“Stars and Stripes” has run an extensive article about winter holidaying in Valbona, Albania, where are “no ski lifts, but also no crowds”.
Valbona has been gaining in popularity as a summer hiking destination, but in winter, you’re unlikely to bump into tourists.
The Accursed Mountains at Valbona, Albania — a ski destination like no other — the trail we would cut on our 3,000-vertical-foot climb that day would be the only ski tracks in sight.
With a soundtrack of livestock bells and a landscape of dramatic peaks, the isolated valley of Valbona suggests the Swiss Alps, but without the annoyance of lifts and people.

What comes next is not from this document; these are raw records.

theorem lemma7:
  fixes w :: "'a \<Rightarrow> 'a \<Rightarrow> real"
    and h m lam :: nat
    and o' s t :: "nat \<Rightarrow> 'a"
    and seq :: "nat \<Rightarrow> nat list"
  assumes w_refl: "\<And>x. w x x = 0"
    and w_sym: "\<And>x y. w x y = w y x"
    and w_tri: "\<And>x y z. w x z \<le> w x y + w y z"
    and lam_pos: "lam \<ge> 1"
    and inj_o: "inj_on o' {1..h}"
    and inj_s: "inj_on s {1..m}"
    and inj_t: "inj_on t {1..m}"
    and disj_os: "o' ` {1..h} \<inter> s ` {1..m} = {}"
    and disj_ot: "o' ` {1..h} \<inter> t ` {1..m} = {}"
    and disj_st: "s ` {1..m} \<inter> t ` {1..m} = {}"
    and seq_range: "\<And>i. i \<in> {1..h} \<Longrightarrow> set (seq i) \<subseteq> {1..m}"
    and seq_once: "\<And>j. j \<in> {1..m} \<Longrightarrow> (\<Sum>i=1..h. count_list (seq i) j) = 1"
  shows "measure_pmf.expectation (Pi_pmf {1..h} 0 (\<lambda>_. pmf_of_set {1..lam}))
           (\<lambda>\<theta>. \<Sum>i=1..h. walk_weight w
                (route lam (\<theta> i) (o' i) (map s (seq i)) (map t (seq i))))
         \<le> 2 / real lam * (\<Sum>j=1..m. w (s j) (t j))
           + 3 * ((\<Sum>i=1..h. tour_weight w (o' i # map s (seq i)))
                + (\<Sum>i=1..h. tour_weight w (o' i # map t (seq i))))"
proof -
  interpret pseudometric w
    using w_refl w_sym w_tri by unfold_locales
  have lam: "0 < lam" using lam_pos by simp
  define F where "F i \<theta> = walk_weight w (route lam \<theta> (o' i) (map s (seq i)) (map t (seq i)))" for i \<theta>
  define T where "T i = tour_weight w (o' i # map s (seq i)) + tour_weight w (o' i # map t (seq i))" for i
  define D where "D i = sum_list (map (\<lambda>j. w (s j) (t j)) (seq i))" for i
  have vehicle: "(\<Sum>\<theta> = 1..lam. F i \<theta>) / real lam \<le> 2 / real lam * D i + 3 * T i" for i
  proof -
    have "(\<Sum>\<theta> = 1..lam. F i \<theta>) \<le> 2 * D i + 3 * real lam * T i"
      using sum_walk_weight_route_le[of "map t (seq i)" "map s (seq i)" lam "o' i"] lam
      by (simp add: F_def T_def D_def sum_list_sum_nth atLeast0LessThan)
    then show ?thesis using lam by (simp add: field_simps)
  qed
  have "measure_pmf.expectation (Pi_pmf {1..h} 0 (\<lambda>_. pmf_of_set {1..lam})) (\<lambda>\<theta>. \<Sum>i = 1..h. F i (\<theta> i))
      = (\<Sum>i = 1..h. (\<Sum>\<theta> = 1..lam. F i \<theta>) / real lam)"
    using lam by (simp add: expectation_Pi_pmf_sum integral_pmf_of_set integrable_measure_pmf_finite)
  also have "\<dots> \<le> (\<Sum>i = 1..h. 2 / real lam * D i + 3 * T i)"
    by (intro sum_mono vehicle)
  also have "\<dots> = 2 / real lam * (\<Sum>i = 1..h. D i)
      + 3 * ((\<Sum>i = 1..h. tour_weight w (o' i # map s (seq i))) + (\<Sum>i = 1..h. tour_weight w (o' i # map t (seq i))))"
    by (simp add: T_def sum.distrib sum_distrib_left)
  also have "(\<Sum>i = 1..h. D i) = (\<Sum>j = 1..m. w (s j) (t j))"
    unfolding D_def using seq_range seq_once by (intro sum_sum_list_map_partition) auto
  finally show ?thesis by (simp add: F_def)
qed

end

If ski touring in wild mountains is your thing, it’s Mecca.
Albania has opened up greatly since Hoxha’s death in 1985. Evidence of his 40-year reign is plentiful, though, from the blocky monstrosities that make up the skyline of the capital, Tirana, to the tens of thousands of concrete bunkers he ordered constructed, ostensibly to prepare for a war with Yugoslavia that never came.
Albania still feels like the frontier of Europe, but a budding tourism industry has made many of the country’s little-visited wild places more accessible. Much of the country is dotted by the Albanian Alps, a mountain chain that stretches across northern Albania, with some of Europe’s best skiing and not a single chair lift to access it. That means no one to compete with for tracks if you’re willing to put some skins on and work for your turns.
In Valbona, home to roughly 100 families, that trickle of tourism has been a lifeline for farmers who have seen state subsidies diminish since the end of communism. With harsh winters and limited grazing, eking out a living as a herder would be impossible for some without the added income from visitors.